4. The method for controlling the intelligent networked vehicle-mounted system according to claim 1, wherein the switching of the working mode of the vehicle-mounted system based on the vehicle working information comprises:

5. The method for controlling the intelligent networked vehicle-mounted system according to claim 4, wherein after the step of controlling the vehicle-mounted system to switch to the sleep mode, the method further comprises the following steps:

6. The method for controlling the intelligent networked vehicle-mounted system according to claim 4, wherein after the step of controlling the vehicle-mounted system to switch to the sleep mode, the method further comprises the following steps:

and when the duration of the vehicle-mounted system in the sleep mode is detected to be greater than or equal to a third threshold value, controlling the vehicle-mounted system to switch to a deep sleep mode, wherein the deep sleep mode comprises the steps of turning off a backlight power supply of a liquid crystal display, turning off an SoC power supply, turning off a camera power supply, turning off an MCU power supply and not executing transceiving work by a CAN bus.
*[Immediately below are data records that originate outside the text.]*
lemma normalise_pivot_row:
  fixes z :: "'a::conjugatable_field mat"
  assumes two: "(2::'a) \<noteq> 0"
    and z: "z \<in> hermitian_mats n" and blk: "spi_plus_block (Suc i) n z" and i: "i < n"
    and nonzero_row: "\<exists>l\<in>{Suc i..<n}. z $$ (i,l) \<noteq> 0"
    and cleared:
      "\<And>l q. l \<in> {Suc i..<n} \<Longrightarrow> q \<in> {Suc i..<n} \<Longrightarrow> z $$ (i,l) \<noteq> 0 \<Longrightarrow> z $$ (q,l) = 0"
  obtains w where "w \<in> borel_orbit n z" "spi_plus_block i n w"
proof -
  let ?U = "{Suc i..<n}"
  define K where "K = {l\<in>?U. z $$ (i,l) \<noteq> 0}"
  define k where "k = Max K"
  have K: "finite K" "K \<noteq> {}" using nonzero_row unfolding K_def by auto
  have "k \<in> K" unfolding k_def using K by (rule Max_in)
  then have k: "k \<in> ?U" "z $$ (i,k) \<noteq> 0" unfolding K_def by auto
  have beyond_k: "z $$ (j,i) = 0" if "k < j" "j < n" for j
  proof -
    have "j \<notin> K" using Max_ge[OF K(1)] that(1) unfolding k_def by fastforce
    then show ?thesis using hermitian_mats_entry[OF z i, of j] that k(1) unfolding K_def by auto
  qed
  have row_k: "z $$ (k,q) = 0" if "q \<in> ?U" for q
    using hermitian_mats_entry[OF z, of q k] cleared[OF k(1) that k(2)] k(1) that by simp
  have "z $$ (k,i) \<noteq> 0" using hermitian_mats_entry[OF z i, of k] k by simp
  then obtain w where orbit: "w \<in> borel_orbit n z"
    and block: "\<And>j l. j \<in> ?U \<Longrightarrow> l \<in> ?U \<Longrightarrow> w $$ (j,l) = z $$ (j,l)"
    and col_i: "\<And>j. j \<in> ?U \<Longrightarrow> w $$ (j,i) = of_bool (j = k)"
    and diag: "w $$ (i,i) = 0"
    using pivot_row_congruence[OF two z _ _ _ row_k beyond_k] k(1) by auto
  have w: "w \<in> hermitian_mats n" using borel_orbit_hermitian[OF z orbit] .
  have row_i: "w $$ (i,l) = of_bool (l = k)" if "l \<in> ?U" for l
    using hermitian_mats_entry[OF w, of l i] col_i[OF that] that by simp
  have blk_w: "spi_plus_block (Suc i) n w" using blk block by (rule spi_plus_block_cong)
  have "spi_plus_block i n w"
  proof (rule spi_plus_block_extend[OF w blk_w, where c = k])
    show "i \<le> k" "k < n" using k by auto
    show "w $$ (i,l) = 0" if "i \<le> l" "l < n" "l \<noteq> k" for l
      using that diag row_i[of l] by (cases "l = i") auto
    show "w $$ (i,k) \<in> (if k = i then {-1,0,1} else {0,1})" using row_i[OF k(1)] k by auto
    show "w $$ (k,l) = 0" if "Suc i \<le> l" "l < n" for l
      using block[of k l] row_k[of l] k that by auto
  qed
  with orbit show thesis by (rule that)
qed

lemma spi_plus_block_step:
  fixes z :: "'a::conjugatable_field mat"
  assumes unit_scaling: "\<And>a::'a. conjugate a = a \<Longrightarrow> a \<noteq> 0 \<Longrightarrow> \<exists>p. p * a * conjugate p \<in> {1,-1}"
    and two: "(2::'a) \<noteq> 0"
    and z: "z \<in> hermitian_mats n" and blk: "spi_plus_block (Suc i) n z" and i: "i < n"
  obtains w where "w \<in> borel_orbit n z" "spi_plus_block i n w"
proof -
  obtain v where v: "v \<in> borel_orbit n z" "spi_plus_block (Suc i) n v"
    and cleared:
      "\<And>l q. l \<in> {Suc i..<n} \<Longrightarrow> q \<in> {Suc i..<n} \<Longrightarrow> v $$ (i,l) \<noteq> 0 \<Longrightarrow> v $$ (q,l) = 0"
    using clear_row_above_pivots[OF z blk i] by blast
  have vh: "v \<in> hermitian_mats n" using borel_orbit_hermitian[OF z v(1)] .
  obtain w where w: "w \<in> borel_orbit n v" "spi_plus_block i n w"
  proof (cases "\<exists>l\<in>{Suc i..<n}. v $$ (i,l) \<noteq> 0")
    case True
    then show thesis using normalise_pivot_row[OF two vh v(2) i True cleared] that by blast
  next
    case False
    then show thesis using normalise_diagonal_row[OF unit_scaling vh v(2) i] that by blast
  qed
  show thesis
    using that borel_orbit_trans[OF v(1) w(1) hermitian_mats_carrier[OF z]] w(2) .
qed

lemma spi_plus_normal_form_exists:
  fixes z :: "'a::conjugatable_field mat"
  assumes unit_scaling: "\<And>a::'a. conjugate a = a \<Longrightarrow> a \<noteq> 0 \<Longrightarrow> \<exists>p. p * a * conjugate p \<in> {1,-1}"
    and two: "(2::'a) \<noteq> 0" and z: "z \<in> hermitian_mats n"
  obtains w where "w \<in> borel_orbit n z" "spi_plus_block 0 n w"
proof -
  have zc: "z \<in> carrier_mat n n" using z by (rule hermitian_mats_carrier)
  have "\<exists>w\<in>borel_orbit n z. spi_plus_block (n - d) n w" if "d \<le> n" for d
    using that
  proof (induction d)
    case 0
    show ?case using borel_orbit_refl[OF zc] spi_plus_block_empty by auto
  next
    case (Suc d)
    then obtain v where v: "v \<in> borel_orbit n z" "spi_plus_block (Suc (n - Suc d)) n v"
      by (auto simp: Suc_diff_Suc)
    obtain w where "w \<in> borel_orbit n v" "spi_plus_block (n - Suc d) n w"
      using spi_plus_block_step[OF unit_scaling two borel_orbit_hermitian[OF z v(1)] v(2)] Suc.prems by auto
    then show ?case using borel_orbit_trans[OF v(1) _ zc] by blast
  qed
  from this[of n] show thesis using that by auto
qed

section \<open>Uniqueness of the normal form\<close>

lemma upper_triangular_mult_diag:
  assumes A: "A \<in> carrier_mat n n" "upper_triangular A" and B: "B \<in> carrier_mat n n" "upper_triangular B"
    and i: "i < n"
  shows "(A * B) $$ (i,i) = A $$ (i,i) * B $$ (i,i)"
proof -
  have "A $$ (i,k) * B $$ (k,i) = 0" if "k < n" "k \<noteq> i" for k
    using A B that i upper_triangularD[of A k i] upper_triangularD[of B i k] by (cases "k < i") auto
  then show ?thesis
    unfolding index_mult_mat_sum[OF A(1) B(1) i i] using i by (intro sum_eq_single) auto
qed

lemma congruence_cancel:
  assumes b: "b \<in> carrier_mat n n" and c: "c \<in> carrier_mat n n" and z: "z \<in> carrier_mat n n"
    and cb: "c * b = 1\<^sub>m n" and w: "w = b * z * mat_adjoint b"
  shows "w * mat_adjoint c = b * z"
proof -
  have "w * mat_adjoint c = b * z * (mat_adjoint b * mat_adjoint c)"
    unfolding w using b c z by (simp add: assoc_mult_mat[of _ n n _ n _ n] mult_carrier_mat[of _ n n _ n])
  also have "mat_adjoint b * mat_adjoint c = 1\<^sub>m n"
    using mat_adjoint_mult[OF c b] cb by simp
  finally show ?thesis using b z by (simp add: mult_carrier_mat[of _ n n _ n])
qed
7. The method for controlling the intelligent networked vehicle-mounted system according to claim 1, wherein the switching of the working mode of the vehicle-mounted system based on the vehicle working information comprises:

8. The utility model provides an intelligence networking vehicle mounted system controlling means which characterized in that includes:

and the mode switching control unit is used for switching the working modes of the vehicle-mounted system based on the whole vehicle working information, and the working modes comprise a normal working mode, a low power consumption mode, a sleep mode and a deep sleep mode.
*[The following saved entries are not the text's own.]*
lemma blk_closed: "n0 \<le> p \<Longrightarrow> n0 \<le> q \<Longrightarrow> \<omega> \<in> blk p q \<Longrightarrow> D \<omega> \<in> blk p q"
  using deriv unfolding size_resp_deriv_def by auto

lemma additive:
  "n0 \<le> p \<Longrightarrow> n0 \<le> q \<Longrightarrow> \<omega> \<in> blk p q \<Longrightarrow> \<eta> \<in> blk p q \<Longrightarrow>
    D (fadd \<omega> \<eta>) = fadd (D \<omega>) (D \<eta>)"
  using deriv unfolding size_resp_deriv_def by blast

lemma raises_degree:
  "n0 \<le> p \<Longrightarrow> n0 \<le> q \<Longrightarrow> \<omega> \<in> blk p q \<Longrightarrow> homog r \<omega> \<Longrightarrow> homog (Suc r) (D \<omega>)"
  using deriv unfolding size_resp_deriv_def by blast

lemma leibniz:
  "n0 \<le> p \<Longrightarrow> n0 \<le> k \<Longrightarrow> n0 \<le> q \<Longrightarrow> \<omega> \<in> blk p k \<Longrightarrow> \<eta> \<in> blk k q \<Longrightarrow> homog r \<omega> \<Longrightarrow>
    D (fmult \<omega> \<eta>) = fadd (fmult (D \<omega>) \<eta>) (fsmult sc ((-1) ^ r) (fmult \<omega> (D \<eta>)))"
  using deriv unfolding size_resp_deriv_def by blast

lemma leibniz_deg0:
  assumes "n0 \<le> p" "n0 \<le> k" "n0 \<le> q" and "\<omega> \<in> blk p k" and "\<eta> \<in> blk k q"
    and "homog 0 \<omega>"
  shows "D (fmult \<omega> \<eta>) = fadd (fmult (D \<omega>) \<eta>) (fmult \<omega> (D \<eta>))"
proof -
  have "sc ((-1) ^ 0) = 1" using calg unfolding unital_calg_def by simp
  then show ?thesis
    using leibniz[OF assms] fsmult_unit[of sc 1, OF _ fmult_blk[OF assms(4) blk_closed[OF assms(2,3,5)]]]
    by simp
qed

lemma const_left:
  assumes "n0 \<le> p" "n0 \<le> k" "n0 \<le> q" and C: "C \<in> carrier_mat p k"
    and DC: "D (of0 C) = zf p k" and w: "\<omega> \<in> blk k q"
  shows "D (fmult (of0 C) \<omega>) = fmult (of0 C) (D \<omega>)"
  using leibniz_deg0[OF assms(1-3) of0_blk[OF C] w homog_of0] DC fmult_zf_left[OF w]
    fadd_zf_left[OF fmult_blk[OF of0_blk[OF C] blk_closed[OF assms(2,3) w]]]
  by simp

lemma const_right:
  assumes "n0 \<le> p" "n0 \<le> k" "n0 \<le> q" and C: "C \<in> carrier_mat k q"
    and DC: "D (of0 C) = zf k q" and w: "\<omega> \<in> blk p k" and "homog r \<omega>"
  shows "D (fmult \<omega> (of0 C)) = fmult (D \<omega>) (of0 C)"
  using leibniz[OF assms(1-3) w of0_blk[OF C] assms(7)] DC fmult_zf_right[OF w] fsmult_zf[of sc "(-1) ^ r"]
    fadd_zf_right[OF fmult_blk[OF blk_closed[OF assms(1,2) w] of0_blk[OF C]]]
  by simp

lemma const_sandwich:
  assumes "n0 \<le> p" "n0 \<le> k" "n0 \<le> l" "n0 \<le> q"
    and A: "A \<in> carrier_mat p k" and DA: "D (of0 A) = zf p k"
    and C: "C \<in> carrier_mat l q" and DC: "D (of0 C) = zf l q"
    and w: "\<omega> \<in> blk k l" and "homog r \<omega>"
  shows "D (fmult (of0 A) (fmult \<omega> (of0 C))) = fmult (of0 A) (fmult (D \<omega>) (of0 C))"
  using const_left[OF assms(1,2,4) A DA fmult_blk[OF w of0_blk[OF C]]]
    const_right[OF assms(2-4) C DC w assms(10)]
  by simp

text \<open>Derivative of Y = Xi M with M = (I - K Xi)^{-1} and K constant, from the resolvent
  identities Y = Xi + Y K Xi and M = I + K Y: differentiating the first and multiplying by M
  from the right, the term (D Y) K Xi M = (D Y) K Y cancels against (D Y)(M - I), leaving
  D Y = (I + Y K) (D Xi) M.\<close>

lemma resolvent_deriv:
  fixes Xi K M :: "'b mat"
  assumes n: "n0 \<le> n" and K: "K \<in> carrier_mat n n" and X: "Xi \<in> carrier_mat n n"
    and M: "M \<in> carrier_mat n n" and DK: "D (of0 K) = zf n n"
    and left_inv: "M * (1\<^sub>m n - K * Xi) = 1\<^sub>m n" and right_inv: "(1\<^sub>m n - K * Xi) * M = 1\<^sub>m n"
  shows "D (of0 (Xi * M)) = fmult (of0 (1\<^sub>m n + Xi * M * K)) (fmult (D (of0 Xi)) (of0 M))"
proof -
  define Y where "Y = Xi * M"
  have Y: "Y \<in> carrier_mat n n" using X M by (simp add: Y_def)
  note res = resolvent_identities[OF K X M left_inv right_inv, folded Y_def]
  define x where "x = of0 Xi"
  define y where "y = of0 Y"
  define k where "k = of0 K"
  define m where "m = of0 M"
  define one where "one = of0 (1\<^sub>m n :: 'b mat)"
  define dx where "dx = D x"
  define dy where "dy = D y"
  have b: "x \<in> blk n n" "y \<in> blk n n" "k \<in> blk n n" "m \<in> blk n n" "one \<in> blk n n"
    using X Y K M by (auto simp: x_def y_def k_def m_def one_def of0_blk)
  have bd: "dx \<in> blk n n" "dy \<in> blk n n" using b blk_closed[OF n n] by (auto simp: dx_def dy_def)
  have FM: "\<And>a c. a \<in> blk n n \<Longrightarrow> c \<in> blk n n \<Longrightarrow> fmult a c \<in> blk n n"
    and FA: "\<And>a c. a \<in> blk n n \<Longrightarrow> c \<in> blk n n \<Longrightarrow> fadd a c \<in> blk n n"
    by (rule fmult_blk, assumption+) (rule fadd_blk)
  have AS: "\<And>a c e. a \<in> blk n n \<Longrightarrow> c \<in> blk n n \<Longrightarrow> e \<in> blk n n \<Longrightarrow>
      fmult (fmult a c) e = fmult a (fmult c e)"
    by (rule fmult_assoc)
  have xm: "fmult x m = y" using of0_mult[OF X M] by (simp add: x_def m_def y_def Y_def)
  have "y = of0 (Xi + Y * (K * Xi))" unfolding y_def by (rule arg_cong[OF res(1)])
  also have "\<dots> = fadd x (fmult y (fmult k x))"
    using X Y K by (simp add: y_def x_def k_def of0_add[of _ n n] of0_mult[of _ n n _ n])
  finally have y_eq: "y = fadd x (fmult y (fmult k x))" .
  have "m = of0 (1\<^sub>m n + K * Y)" unfolding m_def by (rule arg_cong[OF res(2)])
  also have "\<dots> = fadd one (fmult k y)"
    using Y K by (simp add: one_def k_def y_def of0_add[of _ n n] of0_mult[of _ n n _ n])
  finally have m_eq: "m = fadd one (fmult k y)" .
  have "dy = fadd dx (D (fmult y (fmult k x)))"
    using arg_cong[OF y_eq, of D] additive[OF n n b(1) FM[OF b(2) FM[OF b(3,1)]]]
    by (simp add: dy_def dx_def)
  also have "D (fmult y (fmult k x)) = fadd (fmult dy (fmult k x)) (fmult y (fmult k dx))"
    using leibniz_deg0[OF n n n b(2) FM[OF b(3,1)]] const_left[OF n n n K DK b(1)]
    by (simp add: y_def k_def dy_def dx_def x_def homog_of0)
  finally have dy_eq: "dy = fadd dx (fadd (fmult dy (fmult k x)) (fmult y (fmult k dx)))" .
  define Z where "Z = fmult dy (fmult k y)"
  define W where "W = fmult y (fmult k (fmult dx m))"
  have bZW: "Z \<in> blk n n" "W \<in> blk n n" using FM b bd by (auto simp: Z_def W_def)
  text \<open>Expand (D Y) M in two ways.\<close>
  have "fmult dy m = fadd (fmult dx m)
      (fadd (fmult (fmult dy (fmult k x)) m) (fmult (fmult y (fmult k dx)) m))"
    by (subst dy_eq, simp only: fmult_fadd_right[OF bd(1) FA[OF FM[OF bd(2) FM[OF b(3,1)]]
          FM[OF b(2) FM[OF b(3) bd(1)]]] b(4)]
        fmult_fadd_right[OF FM[OF bd(2) FM[OF b(3,1)]] FM[OF b(2) FM[OF b(3) bd(1)]] b(4)])
  also have "fmult (fmult dy (fmult k x)) m = Z"
    by (simp only: Z_def AS[OF bd(2) FM[OF b(3,1)] b(4)] AS[OF b(3,1,4)] xm)
  also have "fmult (fmult y (fmult k dx)) m = W"
    by (simp only: W_def AS[OF b(2) FM[OF b(3) bd(1)] b(4)] AS[OF b(3) bd(1) b(4)])
  finally have "fmult dy m = fadd (fmult dx m) (fadd Z W)" .
  moreover have "fmult dy m = fadd dy Z"
    using arg_cong[OF m_eq, of "fmult dy"] fmult_fadd_left[OF bd(2) b(5) FM[OF b(3,2)]]
      fmult_one_right[OF bd(2)]
    by (simp add: Z_def one_def)
  ultimately have "fadd dy Z = fadd (fadd (fmult dx m) W) Z"
    using fadd_assoc[OF FM[OF bd(1) b(4)] bZW(2) bZW(1)] fadd_comm[OF bZW] by simp
  then have "dy = fadd (fmult dx m) W"
    using fadd_cancel_right[OF bd(2) FA[OF FM[OF bd(1) b(4)] bZW(2)] bZW(1)] by simp
  also have "\<dots> = fmult (fadd one (fmult y k)) (fmult dx m)"
    using fmult_fadd_right[OF b(5) FM[OF b(2,3)] FM[OF bd(1) b(4)]]
      fmult_one_left[OF FM[OF bd(1) b(4)]] AS[OF b(2,3) FM[OF bd(1) b(4)]]
    by (simp add: W_def one_def)
  also have "fadd one (fmult y k) = of0 (1\<^sub>m n + Y * K)"
    unfolding one_def y_def k_def of0_mult[OF Y K]
    by (rule of0_add[OF one_carrier_mat mult_carrier_mat[OF Y K], symmetric])
  finally show ?thesis by (simp only: dy_def dx_def y_def x_def m_def Y_def)
qed

end


section \<open>Bidifferential graded algebras\<close>

locale bidiff_algebra =
  fixes n0 :: nat and sc :: "complex \<Rightarrow> 'b::ring_1" and d db :: "'b form \<Rightarrow> 'b form"
  assumes bdga: "bdga n0 sc d db"
begin

sublocale d: sized_derivation n0 sc d
  using bdga by unfold_locales (auto simp: bdga_def)

sublocale db: sized_derivation n0 sc db
  using bdga by unfold_locales (auto simp: bdga_def)

lemma anticommute:
  "n0 \<le> p \<Longrightarrow> n0 \<le> q \<Longrightarrow> \<omega> \<in> blk p q \<Longrightarrow> fadd (d (db \<omega>)) (db (d \<omega>)) = zf p q"
  and d_square: "n0 \<le> p \<Longrightarrow> n0 \<le> q \<Longrightarrow> \<omega> \<in> blk p q \<Longrightarrow> d (d \<omega>) = zf p q"
  using bdga unfolding bdga_def by blast+

text \<open>If db Y = (d Y) Q with Y of degree 0, then applying d gives d db Y = -(d Y)(d Q), since
  d^2 = 0 and d Y has degree 1; anticommutativity of d and db turns this into
  db d Y = (d Y)(d Q).\<close>

lemma dbar_d_of_linear:
  assumes p: "n0 \<le> p" and k: "n0 \<le> k" and y: "y \<in> blk p k" and "homog 0 y"
    and q: "q \<in> blk k k" and lin: "db y = fmult (d y) q"
  shows "db (d y) = fmult (d y) (d q)"
proof -
  let ?G = "fmult (d y) (d q)"
  have dy: "d y \<in> blk p k" by (rule d.blk_closed[OF p k y])
  have G: "?G \<in> blk p k" by (rule fmult_blk[OF dy d.blk_closed[OF k k q]])
  have "d (db y) = fadd (fmult (d (d y)) q) (fsmult sc ((-1) ^ Suc 0) ?G)"
    unfolding lin by (rule d.leibniz[OF p k k dy q d.raises_degree[OF p k y \<open>homog 0 y\<close>]])
  then have "d (db y) = fsmult sc (-1) ?G"
    using d_square[OF p k y] fmult_zf_left[OF q] fadd_zf_left[OF fsmult_blk[OF G]] by simp
  then show ?thesis
    using fsmult_neg_unit_sum_zero[of sc "-1", OF unital_calg_minus_one[OF d.calg] G
        db.blk_closed[OF p k dy]] anticommute[OF p k y]
    by simp
qed

end


context bidiff_algebra
begin

lemma dbar_resolvent:
  fixes P K Xi M V U :: "'b mat"
  assumes n: "n0 \<le> n" and P: "P \<in> carrier_mat n n" and K: "K \<in> carrier_mat n n"
    and X: "Xi \<in> carrier_mat n n" and M: "M \<in> carrier_mat n n"
    and V: "V \<in> carrier_mat n m" and U: "U \<in> carrier_mat m n"
    and dK: "d (of0 K) = zf n n" and dbK: "db (of0 K) = zf n n"
    and lin: "db (of0 Xi) = fmult (d (of0 Xi)) (of0 P)"
    and comm: "P * (K * Xi) - (K * Xi) * P = V * U * Xi"
    and left_inv: "M * (1\<^sub>m n - K * Xi) = 1\<^sub>m n" and right_inv: "(1\<^sub>m n - K * Xi) * M = 1\<^sub>m n"
  shows "db (of0 (Xi * M)) = fmult (d (of0 (Xi * M))) (of0 (P + V * (U * (Xi * M))))"
proof -
  define Y where "Y = Xi * M"
  define N where "N = of0 (1\<^sub>m n + Y * K)"
  define Q where "Q = P + V * (U * Y)"
  have Y: "Y \<in> carrier_mat n n" and Q: "Q \<in> carrier_mat n n" and NB: "N \<in> blk n n"
    using X M K P V U by (auto simp: Y_def Q_def N_def intro!: of0_blk)
  have dY: "d (of0 Y) = fmult N (fmult (d (of0 Xi)) (of0 M))"
    using d.resolvent_deriv[OF n K X M dK left_inv right_inv] by (simp add: N_def Y_def)
  have "db (of0 Y) = fmult N (fmult (fmult (d (of0 Xi)) (of0 P)) (of0 M))"
    using db.resolvent_deriv[OF n K X M dbK left_inv right_inv] lin by (simp add: N_def Y_def)
  also have "fmult (fmult (d (of0 Xi)) (of0 P)) (of0 M) = fmult (d (of0 Xi)) (of0 (M * Q))"
    using resolvent_intertwining[OF P K X M V U comm left_inv right_inv] P M
      fmult_assoc[OF d.blk_closed[OF n n of0_blk[OF X]] of0_blk[OF P] of0_blk[OF M]]
    by (simp add: of0_mult Q_def Y_def)
  also have "fmult N (fmult (d (of0 Xi)) (of0 (M * Q))) = fmult (d (of0 Y)) (of0 Q)"
    using dY fmult_assoc[OF d.blk_closed[OF n n of0_blk[OF X]] of0_blk[OF M] of0_blk[OF Q]]
      fmult_assoc[OF NB fmult_blk[OF d.blk_closed[OF n n of0_blk[OF X]] of0_blk[OF M]] of0_blk[OF Q]]
      of0_mult[OF M Q]
    by simp
  finally show ?thesis by (simp add: Y_def Q_def)
qed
9. The utility model provides an intelligence networking vehicle mounted system controlgear which characterized in that includes: a memory and a processor, wherein the memory stores at least one instruction, and the at least one instruction is loaded and executed by the processor to implement the method for controlling the intelligent internet vehicle system according to any one of claims 1 to 7.

10. A computer-readable storage medium characterized by: the computer storage medium stores a computer program which, when executed by a processor, implements the intelligent networked on-board system control method of any one of claims 1 to 7.